(* In the setting of the Adapted Realisation theorem in the exceptional case $F_n=A_1*A_2$ with $A_1,A_2$ non-trivial (so that $\widetilde\iota_1(\widetilde X_1)\cap\widetilde\iota_2(\widetilde X_2)$ is a single point), the projection of this intersection point to $X$ is fixed by the action of $H$ on $X$.
   Context: Setting: $H$ finite, $\phi\colon H\to\mathrm{Out}(F_n)$, $F_n=A_1*A_2$ with $\phi(H)$ preserving the conjugacy classes of $A_1$ and $A_2$; $X_i$ are marked metric graphs realising the induced actions $H\to\mathrm{Out}(A_i)$; $X$ is a marked metric graph on which $H$ acts by combinatorial isometries realising $\phi$, with $H$-invariant isometric embeddings $\iota_i\colon X_i\to X$ respecting markings via lifts $\widetilde\iota_i\colon\widetilde X_i\to\widetilde X$ (equivariant for $A_i\hookrightarrow F_n$), $X=\iota_1(X_1)\cup\iota_2(X_2)$, and $\widetilde\iota_1(\widetilde X_1)\cap\widetilde\iota_2(\widetilde X_2)$ a single point. A space is marked by a group $A$ if an isomorphism of $A$ with the deck group of its universal cover is fixed; realising means the induced action on conjugacy classes of $\pi_1$ agrees with the given outer action. *)

theory Defs
  imports "HOL-Algebra.Algebra"
begin

definition word_val :: "('g, 'b) monoid_scheme \<Rightarrow> ('g \<times> bool) list \<Rightarrow> 'g" where
  "word_val G ws = foldr (\<lambda>(b, s) acc. (if s then b else inv\<^bsub>G\<^esub> b) \<otimes>\<^bsub>G\<^esub> acc) ws \<one>\<^bsub>G\<^esub>"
-=-=-
| Problem to solve |
Output exactly the lines from the one with "theory Defs" through the final line of the listing above.

| Output for this task |
theory Defs
  imports "HOL-Algebra.Algebra"
begin

definition word_val :: "('g, 'b) monoid_scheme \<Rightarrow> ('g \<times> bool) list \<Rightarrow> 'g" where
  "word_val G ws = foldr (\<lambda>(b, s) acc. (if s then b else inv\<^bsub>G\<^esub> b) \<otimes>\<^bsub>G\<^esub> acc) ws \<one>\<^bsub>G\<^esub>"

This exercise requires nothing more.